Yangon (ANTARA) – Militer Myanmar pada Sabtu (30 Januari) mengatakan akan melindungi dan mematuhi Konstitusi negara itu dan bertindak sesuai hukum, dalam sebuah langkah yang dapat menghilangkan kekhawatiran di negara itu bahwa angkatan bersenjata mungkin berusaha merebut kekuasaan.
Pernyataan itu muncul sehari setelah Sekretaris Jenderal Perserikatan Bangsa-Bangsa Antonio Guterres dan kedutaan besar Barat di Myanmar menyatakan keprihatinan serius tentang kemungkinan intervensi militer di Myanmar, sebuah negara yang diperintah oleh militer selama 49 tahun setelah kudeta 1962.
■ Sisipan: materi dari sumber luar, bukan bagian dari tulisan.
text \<open>If all exponents of x^m are r + l*b_i, then
  x^m = (x_1...x_n)^r * prod_i (x_i^l)^(b_i).\<close>

lemma fixed_monomial_in_gen_subalg:
  assumes zl: "z ^ l = 1" and prim: "\<forall>k. 0 < k \<and> k < l \<longrightarrow> z ^ k \<noteq> 1" and l: "2 \<le> l"
    and keys: "Poly_Mapping.keys m \<subseteq> {..<n}" and fixed: "fixed_monomial n l z m"
  shows "Poly_Mapping.single m (1::complex) \<in> gen_subalg (generators n l)"
proof -
  define r where "r = Poly_Mapping.lookup m 0 mod l"
  define b where "b = (\<lambda>i. Poly_Mapping.lookup m i div l)"
  have exponent: "Poly_Mapping.lookup m i = r + l * b i" if "i < n" for i
    using fixed_monomial_exponents_congruent[OF zl prim l fixed that]
      div_mult_mod_eq[of "Poly_Mapping.lookup m i" l]
    by (simp add: r_def b_def mult.commute)
  have outside: "Poly_Mapping.lookup m i = 0" if "\<not> i < n" for i
    using keys that by (auto simp: in_keys_iff)
  have decomposition: "m = (\<Sum>i<n. Poly_Mapping.single i r) + (\<Sum>i<n. Poly_Mapping.single i (l * b i))"
  proof (rule poly_mapping_eqI)
    fix j show "Poly_Mapping.lookup m j = Poly_Mapping.lookup
        ((\<Sum>i<n. Poly_Mapping.single i r) + (\<Sum>i<n. Poly_Mapping.single i (l * b i))) j"
      by (cases "j < n") (simp_all add: lookup_add lookup_sum lookup_single when_def exponent outside)
  qed
  have "Poly_Mapping.single (\<Sum>i<n. Poly_Mapping.single i (l * b i)) (1::complex)
      \<in> gen_subalg (generators n l)"
    by (rule gen_subalg_monomial_sum) (simp_all only: finite_lessThan lessThan_iff var_pow_power_in_gen_subalg)
  with all_vars_power_in_gen_subalg[where n = n and k = r and l = l] show ?thesis
    by (subst decomposition) (rule gen_subalg_monomial_add)
qed
lemma sum_pairs_sq_diff_add_sq_add:
  fixes y :: "nat \<Rightarrow> 'a :: comm_ring_1"
  shows "(\<Sum>j\<in>{1..N}. \<Sum>k\<in>{j<..N}. (y k - y j)^2 + (y k + y j)^2)
    = 2 * (of_nat N - 1) * (\<Sum>j\<in>{1..N}. (y j)^2)"
proof (induction N)
  case 0
  then show ?case by simp
next
  case (Suc N)
  have "(y (Suc N) - y j)^2 + (y (Suc N) + y j)^2 = 2 * (y j)^2 + 2 * (y (Suc N))^2" for j
    by (simp add: power2_eq_square algebra_simps)
  then have "(\<Sum>j\<in>{1..Suc N}. \<Sum>k\<in>{j<..Suc N}. (y k - y j)^2 + (y k + y j)^2)
      = 2 * (of_nat N - 1) * (\<Sum>j\<in>{1..N}. (y j)^2) + 2 * (\<Sum>j\<in>{1..N}. (y j)^2) + 2 * of_nat N * (y (Suc N))^2"
    unfolding sum_pairs_Suc Suc.IH by (simp add: sum.distrib sum_distrib_left)
  then show ?case
    by (simp add: algebra_simps)
qed

lemma power2_norm_prod: "(norm (prod f A))^2 = (\<Prod>x\<in>A. (norm (f x))^2)"
  for f :: "'a \<Rightarrow> 'b :: {real_normed_field}"
  by (simp add: prod_norm[symmetric] prod_power_distrib)

lemma prod_exp_mult: "(\<Prod>x\<in>A. exp (f x) * g x) = exp (\<Sum>x\<in>A. f x) * (\<Prod>x\<in>A. g x :: real)"
  by (cases "finite A") (simp_all add: prod.distrib exp_sum)

definition theta_char :: "real \<Rightarrow> complex \<Rightarrow> complex \<Rightarrow> complex \<Rightarrow> complex" where
  "theta_char a \<epsilon> v t = (\<Sum>\<^sub>\<infinity>n::int. \<epsilon> powi n *
      exp (pi * \<i> * t * (of_int n + of_real a)^2 + 2 * pi * \<i> * (of_int n + of_real a) * v))"

lemma theta0_eq_theta_char: "theta0 v t = theta_char 0 (-1) v t"
  unfolding theta0_def theta_char_def by (simp add: mult_ac)

lemma theta3_eq_theta_char: "theta3 v t = theta_char 0 1 v t"
  unfolding theta3_def theta_char_def by (simp add: mult_ac)

lemma theta1_eq_theta_char: "theta1 v t = \<i> * theta_char (-1/2) (-1) v t"
  unfolding theta1_def theta_char_def by (simp add: algebra_simps diff_divide_distrib)

lemma theta_char_plus_1:
  "theta_char a \<epsilon> (v + 1) t = exp (2 * pi * \<i> * of_real a) * theta_char a \<epsilon> v t"
proof -
  define c where "c = exp (2 * pi * \<i> * of_real a)"
  define f where "f w n = \<epsilon> powi n *
      exp (pi * \<i> * t * (of_int n + of_real a)^2 + 2 * pi * \<i> * (of_int n + of_real a) * w)"
    for w and n :: int
  have "f (v + 1) n = c * f v n" for n
  proof -
    have "exp (pi * \<i> * t * (of_int n + of_real a)^2 + 2 * pi * \<i> * (of_int n + of_real a) * (v + 1))
      = exp ((2 * pi * \<i> * of_real a +
          (pi * \<i> * t * (of_int n + of_real a)^2 + 2 * pi * \<i> * (of_int n + of_real a) * v)) +
          2 * of_int n * pi * \<i>)"
      by (rule arg_cong[where f = exp]) (simp add: algebra_simps)
    moreover have "exp (2 * of_int n * pi * \<i>) = 1"
      by (rule exp_integer_2pi) simp
    ultimately show ?thesis
      unfolding c_def f_def by (simp only: exp_add mult_1_right mult.left_commute)
  qed
  then have "theta_char a \<epsilon> (v + 1) t = (\<Sum>\<^sub>\<infinity>n. c * f v n)"
    unfolding theta_char_def f_def[symmetric] by simp
  also have "\<dots> = c * theta_char a \<epsilon> v t"
    unfolding theta_char_def f_def by (rule infsum_cmult_right')
  finally show ?thesis
    unfolding c_def .
qed

lemma theta_char_plus_tau:
  assumes "\<epsilon> \<noteq> 0"
  shows "theta_char a \<epsilon> (v + t) t = exp (- pi * \<i> * t - 2 * pi * \<i> * v) / \<epsilon> * theta_char a \<epsilon> v t"
proof -
  define c where "c = exp (- pi * \<i> * t - 2 * pi * \<i> * v) / \<epsilon>"
  define f where "f w n = \<epsilon> powi n *
      exp (pi * \<i> * t * (of_int n + of_real a)^2 + 2 * pi * \<i> * (of_int n + of_real a) * w)"
    for w and n :: int
  have "f (v + t) n = c * f v (n + 1)" for n
  proof -
    have "exp (pi * \<i> * t * (of_int n + of_real a)^2 + 2 * pi * \<i> * (of_int n + of_real a) * (v + t))
        = exp ((- pi * \<i> * t - 2 * pi * \<i> * v) +
          (pi * \<i> * t * (of_int (n + 1) + of_real a)^2 + 2 * pi * \<i> * (of_int (n + 1) + of_real a) * v))"
      by (rule arg_cong[where f = exp]) (simp add: algebra_simps power2_eq_square)
    moreover have "\<epsilon> powi (n + 1) = \<epsilon> * \<epsilon> powi n"
      using assms by (simp add: power_int_add)
    ultimately show ?thesis
      using assms unfolding c_def f_def exp_add by (simp add: field_simps)
  qed
  then have "theta_char a \<epsilon> (v + t) t = (\<Sum>\<^sub>\<infinity>n. c * f v (n + 1))"
    unfolding theta_char_def f_def by simp
  also have "\<dots> = c * (\<Sum>\<^sub>\<infinity>n. f v (n + 1))"
    by (rule infsum_cmult_right')
  also have "(\<Sum>\<^sub>\<infinity>n. f v (n + 1)) = (\<Sum>\<^sub>\<infinity>n. f v n)"
    by (rule infsum_reindex_bij_betw, rule bij_betwI[where g = "\<lambda>n. n - 1"]) auto
  finally show ?thesis
    unfolding theta_char_def f_def c_def .
qed

definition theta_quasi_periodic :: "(complex \<Rightarrow> complex \<Rightarrow> complex) \<Rightarrow> bool" where
  "theta_quasi_periodic \<theta> \<longleftrightarrow> (\<forall>v t. cmod (\<theta> (v + 1) t) = cmod (\<theta> v t) \<and>
      cmod (\<theta> (v + t) t) = exp (pi * Im t + 2 * pi * Im v) * cmod (\<theta> v t))"

lemma theta_quasi_periodic_theta_char:
  assumes "cmod \<epsilon> = 1"
  shows "theta_quasi_periodic (theta_char a \<epsilon>)"
proof -
  have "\<epsilon> \<noteq> 0"
    using assms by auto
  then show ?thesis
    unfolding theta_quasi_periodic_def
    using assms by (simp add: theta_char_plus_1 theta_char_plus_tau norm_mult norm_divide norm_exp_eq_Re)
qed
(* Fix $k\in\{0,1,\infty\}$ and let $\mathbb{L}=\{L\in\mathbb{R}^{n_x\times n_y}:\rho(A-LC)<1\}$. For every $L\in\mathbb{L}$, $$J_k(L)=\max\Big\{\lambda\in\mathbb{R}_+:\ \tfrac12 D_a^\top\Phi(k,L)^\top\Sigma_{r_\omega}^{-1}(L)\Phi(k,L)D_a-\lambda D_a^\top W D_a\succeq 0\Big\}.$$ Consequently, the observer design problem $\max_{L\in\mathbb{R}^{n_x\times n_y}}\{J_k(L):\rho(A-LC)<1\}$ can be reformulated as the joint problem $$\max_{L\in\mathbb{R}^{n_x\times n_y},\ \lambda\in\mathbb{R}_+}\ \lambda\quad\text{s.t.}\quad \tfrac12 D_a^\top\Phi(k,L)^\top\Sigma_{r_\omega}^{-1}(L)\Phi(k,L)D_a-\lambda D_a^\top W D_a\succeq 0,\qquad \rho(A-LC)<1,$$ which has the same optimal value.
   Context: Consider the discrete-time system $x(k+1)=Ax(k)+Bu(k)+B_\omega\omega(k)$, $y(k)=Cx(k)+D_\omega\omega(k)+y_a(k)$, with $x(k)\in\mathbb{R}^{n_x}$, $y(k)\in\mathbb{R}^{n_y}$, $\omega(k)\in\mathbb{R}^{n_\omega}$ i.i.d. Gaussian $\mathcal N(0,I)$, $(A,C)$ detectable and $(A,B_\omega)$ stabilizable. An observer $\hat x(k+1)=A\hat x(k)+Bu(k)+L(y(k)-C\hat x(k))$ with gain $L\in\mathbb{R}^{n_x\times n_y}$ produces the residual $r(k)=y(k)-C\hat x(k)$. The attack is $y_a(k)=0$ for $k<0$ and $y_a(k)=D_a\bar a$ for $k\ge 0$, where $\bar a\in\mathbb{R}^{n_a}$ and $D_a\in\mathbb{R}^{n_y\times n_a}$ has entries $(j_i,i)=1$ for the indices $j_1<\dots<j_{n_a}$ of compromised sensors and all other entries $0$. $W\in\mathbb{R}^{n_y\times n_y}$ is symmetric positive semidefinite. $\rho(\cdot)$ is the spectral radius and $\mathbb{R}_+$ the positive reals. For $L$ with $\rho(A-LC)<1$, $\Sigma_{\tilde x}(L)$ is the solution of $\Sigma=(A-LC)\Sigma(A-LC)^\top+(B_\omega-LD_\omega)(B_\omega-LD_\omega)^\top$ and $\Sigma_{r_\omega}(L)=C\Sigma_{\tilde x}(L)C^\top+D_\omega D_\omega^\top$ (assumed invertible where its inverse appears). Define $\Phi(0,L)=I$, $\Phi(k,L)=I-C\sum_{l=0}^{k-1}(A-LC)^{k-l-1}L$ for $k\ge1$, and $\Phi(\infty,L)=\lim_{k\to\infty}\Phi(k,L)=I-C(I-A+LC)^{-1}L$. Define $$J_k(L)=\min_{\bar a\in\mathbb{R}^{n_a}}\ \tfrac12\bar a^\top D_a^\top\Phi(k,L)^\top\Sigma_{r_\omega}^{-1}(L)\Phi(k,L)D_a\bar a\quad\text{s.t.}\quad \bar a^\top D_a^\top W D_a\bar a\ge 1,$$ the smallest Kullback–Leibler divergence between attacked and attack-free residuals at time $k$ over attacks of impact at least $1$. *)

theory Defs
  imports "Jordan_Normal_Form.Spectral_Radius" "HOL-Library.Extended_Real" "HOL-Library.Extended_Nat"
begin
lemma graph_iso_k_fair_dominating_set:
  assumes "D \<subseteq> V"
  shows "k_fair_dominating_set V' E' k (h ` D) \<longleftrightarrow> k_fair_dominating_set V E k D"
proof -
  have inj: "inj_on h V" and img: "h ` V = V'" and adj: "\<forall>u\<in>V. \<forall>v\<in>V. E' (h u) (h v) \<longleftrightarrow> E u v"
    using iso by (auto simp: graph_iso_def bij_betw_def)
  have outside: "V' - h ` D = h ` (V - D)"
    using inj_on_image_set_diff[OF inj _ assms] img by simp
  have count: "card (nbhd V' E' (h v) \<inter> h ` D) = card (nbhd V E v \<inter> D)" if "v \<in> V" for v
  proof -
    have "nbhd V E v \<subseteq> V" by (auto simp: nbhd_def)
    then have "nbhd V' E' (h v) \<inter> h ` D = h ` (nbhd V E v \<inter> D)"
      using graph_iso_nbhd[OF that] inj_on_image_Int[OF inj _ assms] by simp
    moreover have "inj_on h (nbhd V E v \<inter> D)"
      using inj_on_subset[OF inj] assms by blast
    ultimately show ?thesis by (simp add: card_image)
  qed
  have "(\<forall>w\<in>V' - h ` D. \<exists>u\<in>h ` D. E' w u) \<longleftrightarrow> (\<forall>v\<in>V - D. \<exists>u\<in>D. E' (h v) (h u))"
    unfolding outside by simp
  also have "\<dots> \<longleftrightarrow> (\<forall>v\<in>V - D. \<exists>u\<in>D. E v u)"
    using adj assms by blast
  moreover have "(\<forall>w\<in>V' - h ` D. card (nbhd V' E' w \<inter> h ` D) = k) \<longleftrightarrow>
      (\<forall>v\<in>V - D. card (nbhd V' E' (h v) \<inter> h ` D) = k)"
    unfolding outside by simp
  moreover have "\<dots> \<longleftrightarrow> (\<forall>v\<in>V - D. card (nbhd V E v \<inter> D) = k)"
    using count by simp
  moreover have "h ` D \<subseteq> V'"
    using assms img by blast
  ultimately show ?thesis
    using assms unfolding k_fair_dominating_set_def dominating_set_def by blast
qed

lemma graph_iso_fair_dominating_set:
  "D \<subseteq> V \<Longrightarrow> fair_dominating_set V' E' (h ` D) \<longleftrightarrow> fair_dominating_set V E D"
  unfolding fair_dominating_set_def using graph_iso_k_fair_dominating_set by blast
Militer, yang dikenal secara lokal sebagai Tatmadaw, mengatakan pernyataan baru-baru ini oleh panglima tertingginya, Jenderal Senior Min Aung Hlaing, tentang penghapusan Konstitusi telah disalahartikan.
“Tatmadaw melindungi Konstitusi 2008 dan akan bertindak sesuai dengan hukum,” katanya. “Beberapa organisasi dan media berasumsi apa yang mereka inginkan dan menulis sebagai Tatmadaw akan menghapuskan Konstitusi.”
Partai Liga Nasional untuk Demokrasi (NLD) pimpinan Aung San Suu Kyi, yang memenangkan pemilihan November dengan telak, mengatakan pernyataan militer itu adalah “penjelasan yang sesuai”.
Juru bicara NLD Myo Nyunt mengatakan kepada Reuters bahwa partai tersebut menginginkan militer menjadi organisasi “yang menerima keinginan rakyat mengenai pemilihan”.
Ketegangan politik meningkat minggu ini ketika seorang juru bicara militer menolak untuk mengesampingkan kudeta, hanya beberapa hari menjelang sidang Parlemen baru, dan memperingatkan angkatan bersenjata dapat “mengambil tindakan” jika keluhannya tentang kecurangan suara tidak ditangani.
Analis yang berbasis di Myanmar Richard Horsey mengatakan kudeta yang akan segera terjadi sekarang tampaknya tidak mungkin.
“Tampaknya militer Myanmar telah mundur dari ancaman kudeta,” katanya di Twitter.
“Bagaimana menafsirkannya, dan apa artinya bagi stabilitas ke depan, tergantung pada detail di balik layar yang belum jelas.”
Komisi pemilihan Myanmar pada hari Kamis menolak tuduhan militer tentang kecurangan suara, dengan mengatakan tidak ada kesalahan yang cukup besar untuk mempengaruhi kredibilitas suara.
Tuduhan berulang tentara tentang penyimpangan dalam pemilihan, di mana NLD memenangkan 83 persen kursi, telah menyebabkan konfrontasi paling langsung antara pemerintah sipil dan militer, yang memiliki perjanjian pembagian kekuasaan yang canggung.
Konstitusi mencadangkan 25 persen kursi di Parlemen untuk militer dan kontrol tiga kementerian utama dalam pemerintahan Suu Kyi.
Kepala militer Min Aung Hlaing menambah ketakutan kudeta ketika dia mengatakan kepada personil militer pada hari Rabu bahwa Konstitusi harus dicabut jika tidak dipatuhi, mengutip contoh sebelumnya ketika piagam telah dihapuskan di Myanmar.
Dalam pernyataan hari Sabtu, militer mengatakan pernyataannya adalah “untuk membuat mereka memahami situasi Konstitusi.”